• **AIM OF THE TASK**
This task calls for printing every entry exactly.
>>>
theorem lemma2p6:
  fixes R :: "('a, 'b) ring_scheme" and s :: 'a and A :: "'a * 'a * 'a * 'a"
  assumes "local_ring R"
    and "central R s"
    and "s \<in> jacobson R"
    and "A \<in> carrier (M2 R s)"
  shows "(\<exists>n::nat. n > 0 \<and> A [^]\<^bsub>M2 R s\<^esub> n \<in> jacobson (M2 R s))
         \<longleftrightarrow> A \<in> jacobson (M2 R s)"
proof -
  have "ring R" using assms(1) by (simp add: local_ring_def)
  then interpret local_ring_central R s
    by (intro local_ring_central.intro ring_central.intro ring_local.intro
        ring_central_axioms.intro ring_local_axioms.intro local_ring_central_axioms.intro
        \<open>ring R\<close> assms(1-3))
  interpret M: ring M by (rule M2_is_ring)
  have "A [^]\<^bsub>M\<^esub> n \<in> jacobson M \<longleftrightarrow> A \<in> jacobson M" if "n > 0" for n :: nat
  proof -
    obtain m where "n = Suc m" using \<open>n > 0\<close> gr0_implies_Suc by blast
    moreover have "A [^]\<^bsub>M\<^esub> n \<in> carrier M" using assms(4) by (rule M.nat_pow_closed)
    ultimately show ?thesis
      using M2_pow_diagonal_jacobson_iff[OF assms(4), of m] assms(4) by (simp add: jacobson_M2)
  qed
  then show ?thesis by auto
qed

end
<<<
• **RESPONSE AREA**
theorem lemma2p6:
  fixes R :: "('a, 'b) ring_scheme" and s :: 'a and A :: "'a * 'a * 'a * 'a"
  assumes "local_ring R"
    and "central R s"
    and "s \<in> jacobson R"
    and "A \<in> carrier (M2 R s)"
  shows "(\<exists>n::nat. n > 0 \<and> A [^]\<^bsub>M2 R s\<^esub> n \<in> jacobson (M2 R s))
         \<longleftrightarrow> A \<in> jacobson (M2 R s)"
proof -
  have "ring R" using assms(1) by (simp add: local_ring_def)
  then interpret local_ring_central R s
    by (intro local_ring_central.intro ring_central.intro ring_local.intro
        ring_central_axioms.intro ring_local_axioms.intro local_ring_central_axioms.intro
        \<open>ring R\<close> assms(1-3))
  interpret M: ring M by (rule M2_is_ring)
  have "A [^]\<^bsub>M\<^esub> n \<in> jacobson M \<longleftrightarrow> A \<in> jacobson M" if "n > 0" for n :: nat
  proof -
    obtain m where "n = Suc m" using \<open>n > 0\<close> gr0_implies_Suc by blast
    moreover have "A [^]\<^bsub>M\<^esub> n \<in> carrier M" using assms(4) by (rule M.nat_pow_closed)
    ultimately show ?thesis
      using M2_pow_diagonal_jacobson_iff[OF assms(4), of m] assms(4) by (simp add: jacobson_M2)
  qed
  then show ?thesis by auto
qed

end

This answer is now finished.